++++ Records supplied ++++

(* Let $H$ be a real Hilbert space, $f:H\to\mathbb{R}\cup\{+\infty\}$ a proper lower semicontinuous function, $\bar x\in\operatorname{dom}f$, $p\in\partial_pf(\bar x)$, and $A\subset H$ a nonempty compact set. The following are equivalent: (i) there exists $\beta>0$ such that $f''_-(\bar x,p,h)\ge\beta$ holds uniformly with respect to $h\in A$; (ii) there exists $\beta>0$ such that $f''_-(\bar x,p,h)\ge\beta$ for all $h\in A$; (iii) $f''_-(\bar x,p,h)>0$ for all $h\in A$.
   Context: $B_H$ is the closed unit ball of $H$. Proximal subdifferential: $\zeta\in\partial_p f(x)$ iff there exist $\sigma,\delta>0$ with $f(y)\ge f(x)+\langle\zeta,y-x\rangle-\frac{\sigma}{2}\|y-x\|^2$ whenever $\|y-x\|<\delta$. $\Delta_2 f(\bar x,p,t,u):=\frac{f(\bar x+tu)-f(\bar x)-t\langle p,u\rangle}{\frac12t^2}$ for $t>0$, and $f''_-(\bar x,p,h):=\liminf_{h'\to h,\,t\downarrow0}\Delta_2f(\bar x,p,t,h')$. Definition: for $\beta>0$ and nonempty $A\subset H$, "$f''_-(\bar x,p,h)\ge\beta$ holds uniformly with respect to $h\in A$" means that for every $\varepsilon>0$ there exists $\delta>0$ such that $\Delta_2f(\bar x,p,t,h)\ge\beta-\varepsilon$ for all $t\in(0,\delta)$ and all $h\in A+\delta B_H$. *)

theory Defs
  imports "HOL-Analysis.Analysis"
begin

definition proper_fun :: "('a \<Rightarrow> ereal) \<Rightarrow> bool" where
  "proper_fun f \<longleftrightarrow> (\<forall>x. f x \<noteq> -\<infinity>) \<and> (\<exists>x. f x \<noteq> \<infinity>)"

definition lsc_fun :: "('a::topological_space \<Rightarrow> ereal) \<Rightarrow> bool" where
  "lsc_fun f \<longleftrightarrow> (\<forall>x. f x \<le> Liminf (at x) f)"

definition dom_fun :: "('a \<Rightarrow> ereal) \<Rightarrow> 'a set" where
  "dom_fun f = {x. f x < \<infinity>}"

definition prox_subdiff :: "('a::real_inner \<Rightarrow> ereal) \<Rightarrow> 'a \<Rightarrow> 'a set" where
  "prox_subdiff f x = {\<zeta>. \<exists>\<sigma>>0. \<exists>\<delta>>0. \<forall>y. norm (y - x) < \<delta> \<longrightarrow>
      f y \<ge> f x + ereal (inner \<zeta> (y - x) - \<sigma> / 2 * (norm (y - x))\<^sup>2)}"

definition Delta2 :: "('a::real_inner \<Rightarrow> ereal) \<Rightarrow> 'a \<Rightarrow> 'a \<Rightarrow> real \<Rightarrow> 'a \<Rightarrow> ereal" where
  "Delta2 f xb p t u = (f (xb + t *\<^sub>R u) - f xb - ereal (t * inner p u)) / ereal (t\<^sup>2 / 2)"

definition lower_sod :: "('a::real_inner \<Rightarrow> ereal) \<Rightarrow> 'a \<Rightarrow> 'a \<Rightarrow> 'a \<Rightarrow> ereal" where
  "lower_sod f xb p h = Liminf (nhds h \<times>\<^sub>F at_right 0) (\<lambda>(h', t). Delta2 f xb p t h')"

definition unif_sod_ge :: "('a::real_inner \<Rightarrow> ereal) \<Rightarrow> 'a \<Rightarrow> 'a \<Rightarrow> real \<Rightarrow> 'a set \<Rightarrow> bool" where
  "unif_sod_ge f xb p \<beta> A \<longleftrightarrow> (\<forall>\<epsilon>>0. \<exists>\<delta>>0. \<forall>t\<in>{0<..<\<delta>}. \<forall>h.
      (\<exists>a\<in>A. norm (h - a) \<le> \<delta>) \<longrightarrow> Delta2 f xb p t h \<ge> ereal (\<beta> - \<epsilon>))"

end

theory Submission
  imports Defs
begin

text \<open>Only the compactness of A matters.
  A strictly positive lower epi-derivative at h gives a positive lower bound for the difference
  quotients on a neighbourhood of (h, 0+); a finite subcover of A by such neighbourhoods
  yields a common bound \<beta> > 0 on a uniform neighbourhood of A, i.e. (iii) implies (i).
  Conversely a uniform bound passes to the liminf, and (ii) trivially implies (iii).\<close>

lemma eventually_nhds_times_at_right_0_iff:
  fixes h :: "'a::metric_space"
  shows "(\<forall>\<^sub>F (h', t) in nhds h \<times>\<^sub>F at_right (0::real). P h' t) \<longleftrightarrow>
    (\<exists>r>0. \<forall>h' t. dist h' h < r \<longrightarrow> t \<in> {0<..<r} \<longrightarrow> P h' t)"
proof
  assume "\<forall>\<^sub>F (h', t) in nhds h \<times>\<^sub>F at_right 0. P h' t"
  then obtain Pf Pg where P: "eventually Pf (nhds h)" "eventually Pg (at_right (0::real))"
    and Pfg: "\<And>h' t. Pf h' \<Longrightarrow> Pg t \<Longrightarrow> P h' t"
    unfolding eventually_prod_filter by auto
  obtain r where r: "r > 0" "\<And>h'. dist h' h < r \<Longrightarrow> Pf h'"
    using P(1) unfolding eventually_nhds_metric by blast
  obtain d where d: "d > 0" "\<And>t. 0 < t \<Longrightarrow> t < d \<Longrightarrow> Pg t"
    using P(2) unfolding eventually_at_right_field by auto
  show "\<exists>r>0. \<forall>h' t. dist h' h < r \<longrightarrow> t \<in> {0<..<r} \<longrightarrow> P h' t"
    using r d Pfg by (intro exI[of _ "min r d"]) auto
next
  assume "\<exists>r>0. \<forall>h' t. dist h' h < r \<longrightarrow> t \<in> {0<..<r} \<longrightarrow> P h' t"
  then obtain r where "r > 0" and r: "\<And>h' t. dist h' h < r \<Longrightarrow> t \<in> {0<..<r} \<Longrightarrow> P h' t"
    by blast
  have "eventually (\<lambda>h'. dist h' h < r) (nhds h)"
    using \<open>r > 0\<close> unfolding eventually_nhds_metric by blast
  moreover have "eventually (\<lambda>t. t \<in> {0<..<r}) (at_right (0::real))"
    using \<open>r > 0\<close> by (rule eventually_at_right_real)
  ultimately show "\<forall>\<^sub>F (h', t) in nhds h \<times>\<^sub>F at_right 0. P h' t"
    unfolding eventually_prod_filter using r by (intro exI conjI) (auto simp only: case_prod_conv)
qed

lemma unif_sod_ge_imp_lower_sod_ge:
  assumes "unif_sod_ge f xb p \<beta> A" and "h \<in> A"
  shows "ereal \<beta> \<le> lower_sod f xb p h"
proof (rule ereal_le_epsilon2)
  fix \<epsilon> :: real assume "\<epsilon> > 0"
  then obtain \<delta> where "\<delta> > 0" and \<delta>: "\<forall>t\<in>{0<..<\<delta>}. \<forall>h'.
      (\<exists>a\<in>A. norm (h' - a) \<le> \<delta>) \<longrightarrow> ereal (\<beta> - \<epsilon>) \<le> Delta2 f xb p t h'"
    using assms(1) unfolding unif_sod_ge_def by blast
  have "\<forall>\<^sub>F (h', t) in nhds h \<times>\<^sub>F at_right 0. ereal (\<beta> - \<epsilon>) \<le> Delta2 f xb p t h'"
    unfolding eventually_nhds_times_at_right_0_iff
    using \<open>\<delta> > 0\<close> \<delta> assms(2) by (intro exI[of _ \<delta>]) (force simp: dist_norm)
  then have "ereal (\<beta> - \<epsilon>) \<le> lower_sod f xb p h"
    unfolding lower_sod_def by (intro Liminf_bounded) (simp add: case_prod_unfold)
  then have "ereal (\<beta> - \<epsilon>) + ereal \<epsilon> \<le> lower_sod f xb p h + ereal \<epsilon>"
    by (rule add_right_mono)
  then show "ereal \<beta> \<le> lower_sod f xb p h + ereal \<epsilon>"
    by simp
qed

lemma lower_sod_gt_imp_local_bound:
  assumes "ereal c < lower_sod f xb p h"
  shows "\<exists>r>0. \<forall>h' t. dist h' h < r \<longrightarrow> t \<in> {0<..<r} \<longrightarrow> ereal c < Delta2 f xb p t h'"
  using less_LiminfD[OF assms[unfolded lower_sod_def]]
  unfolding eventually_nhds_times_at_right_0_iff[symmetric] by (simp add: case_prod_unfold)

lemma compact_local_bounds_imp_uniform_bound:
  fixes g :: "'a::metric_space \<Rightarrow> real \<Rightarrow> ereal"
  assumes "compact A"
    and local: "\<forall>h\<in>A. \<exists>c>0. \<exists>r>0. \<forall>h' t. dist h' h < r \<longrightarrow> t \<in> {0<..<r} \<longrightarrow> ereal c < g h' t"
  shows "\<exists>c>0. \<exists>\<delta>>0. \<forall>a\<in>A. \<forall>h t. dist h a \<le> \<delta> \<longrightarrow> t \<in> {0<..<\<delta>} \<longrightarrow> ereal c < g h t"
proof -
  obtain c where c: "\<forall>h\<in>A. c h > 0 \<and> (\<exists>r>0.
      \<forall>h' t. dist h' h < r \<longrightarrow> t \<in> {0<..<r} \<longrightarrow> ereal (c h) < g h' t)"
    using bchoice[OF local] by blast
  then have "\<forall>h\<in>A. \<exists>r>0. \<forall>h' t. dist h' h < r \<longrightarrow> t \<in> {0<..<r} \<longrightarrow> ereal (c h) < g h' t"
    by blast
  from bchoice[OF this] obtain r where r: "\<forall>h\<in>A. r h > 0 \<and>
      (\<forall>h' t. dist h' h < r h \<longrightarrow> t \<in> {0<..<r h} \<longrightarrow> ereal (c h) < g h' t)"
    by blast
  \<comment> \<open>Halved radii, so that a \<delta>-neighbourhood of A stays inside the full-radius balls.\<close>
  have cover: "A \<subseteq> (\<Union>h\<in>A. ball h (r h / 2))"
  proof
    fix h assume "h \<in> A"
    then have "h \<in> ball h (r h / 2)"
      using r by simp
    then show "h \<in> (\<Union>h\<in>A. ball h (r h / 2))"
      using \<open>h \<in> A\<close> by blast
  qed
  then obtain T where T: "T \<subseteq> A" "finite T" "A \<subseteq> (\<Union>h\<in>T. ball h (r h / 2))"
    using compactE_image[OF \<open>compact A\<close> _ cover] by blast
  define c0 where "c0 = Min (insert 1 (c ` T))"
  define \<delta> where "\<delta> = Min (insert 1 ((\<lambda>h. r h / 2) ` T))"
  have "c0 > 0" "\<delta> > 0"
    unfolding c0_def \<delta>_def using T c r by (auto simp: Min_gr_iff)
  moreover have "ereal c0 < g h t" if "a \<in> A" "dist h a \<le> \<delta>" "t \<in> {0<..<\<delta>}" for a h t
  proof -
    obtain k where k: "k \<in> T" "dist k a < r k / 2"
      using T(3) \<open>a \<in> A\<close> by auto
    have "\<delta> \<le> r k / 2"
      unfolding \<delta>_def using T k by (intro Min_le) auto
    have "c0 \<le> c k"
      unfolding c0_def using T k by (intro Min_le) auto
    have "dist h k \<le> dist h a + dist k a"
      by (rule dist_triangle2)
    then have "dist h k < r k" and "t \<in> {0<..<r k}"
      using that k \<open>\<delta> \<le> r k / 2\<close> by auto
    then have "ereal (c k) < g h t"
      using r T k by blast
    then show ?thesis
      using \<open>c0 \<le> c k\<close> by (meson ereal_less_eq(3) order_le_less_trans)
  qed
  ultimately show ?thesis
    by blast
qed

lemma lower_sod_pos_imp_unif_sod_ge:
  assumes "compact A" and pos: "\<forall>h\<in>A. 0 < lower_sod f xb p h"
  shows "\<exists>\<beta>>0. unif_sod_ge f xb p \<beta> A"
proof -
  have "\<forall>h\<in>A. \<exists>c>0. \<exists>r>0. \<forall>h' t. dist h' h < r \<longrightarrow> t \<in> {0<..<r} \<longrightarrow> ereal c < Delta2 f xb p t h'"
  proof
    fix h assume "h \<in> A"
    then obtain c where "0 < ereal c" and c: "ereal c < lower_sod f xb p h"
      using pos ereal_dense2 by blast
    then show "\<exists>c>0. \<exists>r>0. \<forall>h' t. dist h' h < r \<longrightarrow> t \<in> {0<..<r} \<longrightarrow> ereal c < Delta2 f xb p t h'"
      using lower_sod_gt_imp_local_bound[OF c] by auto
  qed
  from compact_local_bounds_imp_uniform_bound[OF \<open>compact A\<close> this]
  obtain \<beta> \<delta> where "\<beta> > 0" "\<delta> > 0"
    and \<beta>: "\<forall>a\<in>A. \<forall>h t. dist h a \<le> \<delta> \<longrightarrow> t \<in> {0<..<\<delta>} \<longrightarrow> ereal \<beta> < Delta2 f xb p t h"
    by blast
  have "unif_sod_ge f xb p \<beta> A"
    unfolding unif_sod_ge_def
  proof (intro allI impI exI[of _ \<delta>] conjI ballI)
    fix \<epsilon> :: real and t h
    assume "\<epsilon> > 0" "t \<in> {0<..<\<delta>}" "\<exists>a\<in>A. norm (h - a) \<le> \<delta>"
    then have "ereal \<beta> < Delta2 f xb p t h"
      using \<beta> by (auto simp: dist_norm)
    then show "ereal (\<beta> - \<epsilon>) \<le> Delta2 f xb p t h"
      using \<open>\<epsilon> > 0\<close> by (meson diff_le_eq ereal_less_eq(3) less_add_same_cancel1 less_imp_le order_trans)
  qed (rule \<open>\<delta> > 0\<close>)
  then show ?thesis
    using \<open>\<beta> > 0\<close> by blast
qed

theorem proposition5p1:
  fixes f :: "'a::{real_inner, complete_space} \<Rightarrow> ereal"
    and xb p :: 'a and A :: "'a set"
  assumes "proper_fun f" and "lsc_fun f"
    and "xb \<in> dom_fun f"
    and "p \<in> prox_subdiff f xb"
    and "A \<noteq> {}" and "compact A"
  shows "((\<exists>\<beta>>0. unif_sod_ge f xb p \<beta> A) \<longleftrightarrow> (\<exists>\<beta>>0. \<forall>h\<in>A. lower_sod f xb p h \<ge> ereal \<beta>))
       \<and> ((\<exists>\<beta>>0. \<forall>h\<in>A. lower_sod f xb p h \<ge> ereal \<beta>) \<longleftrightarrow> (\<forall>h\<in>A. lower_sod f xb p h > 0))"
proof -
  have "(\<exists>\<beta>>0. unif_sod_ge f xb p \<beta> A) \<Longrightarrow> (\<exists>\<beta>>0. \<forall>h\<in>A. lower_sod f xb p h \<ge> ereal \<beta>)"
    using unif_sod_ge_imp_lower_sod_ge by blast
  moreover have "(\<exists>\<beta>>0. \<forall>h\<in>A. lower_sod f xb p h \<ge> ereal \<beta>) \<Longrightarrow> (\<forall>h\<in>A. lower_sod f xb p h > 0)"
    by (metis ereal_less(2) order_less_le_trans)
  moreover have "(\<forall>h\<in>A. lower_sod f xb p h > 0) \<Longrightarrow> (\<exists>\<beta>>0. unif_sod_ge f xb p \<beta> A)"
    using lower_sod_pos_imp_unif_sod_ge \<open>compact A\<close> by blast
  ultimately show ?thesis
    by blast
qed

end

++++

*What to work on*. Above are records; repeat only the lines starting at the line with "unfolding eventually_nhds_times_at_right_0_iff[symmetric] by" and ending at the line with "from bchoice[OF this]", exactly as they appear, both included.

*Finished exercise*.
  unfolding eventually_nhds_times_at_right_0_iff[symmetric] by (simp add: case_prod_unfold)

lemma compact_local_bounds_imp_uniform_bound:
  fixes g :: "'a::metric_space \<Rightarrow> real \<Rightarrow> ereal"
  assumes "compact A"
    and local: "\<forall>h\<in>A. \<exists>c>0. \<exists>r>0. \<forall>h' t. dist h' h < r \<longrightarrow> t \<in> {0<..<r} \<longrightarrow> ereal c < g h' t"
  shows "\<exists>c>0. \<exists>\<delta>>0. \<forall>a\<in>A. \<forall>h t. dist h a \<le> \<delta> \<longrightarrow> t \<in> {0<..<\<delta>} \<longrightarrow> ereal c < g h t"
proof -
  obtain c where c: "\<forall>h\<in>A. c h > 0 \<and> (\<exists>r>0.
      \<forall>h' t. dist h' h < r \<longrightarrow> t \<in> {0<..<r} \<longrightarrow> ereal (c h) < g h' t)"
    using bchoice[OF local] by blast
  then have "\<forall>h\<in>A. \<exists>r>0. \<forall>h' t. dist h' h < r \<longrightarrow> t \<in> {0<..<r} \<longrightarrow> ereal (c h) < g h' t"
    by blast
  from bchoice[OF this] obtain r where r: "\<forall>h\<in>A. r h > 0 \<and>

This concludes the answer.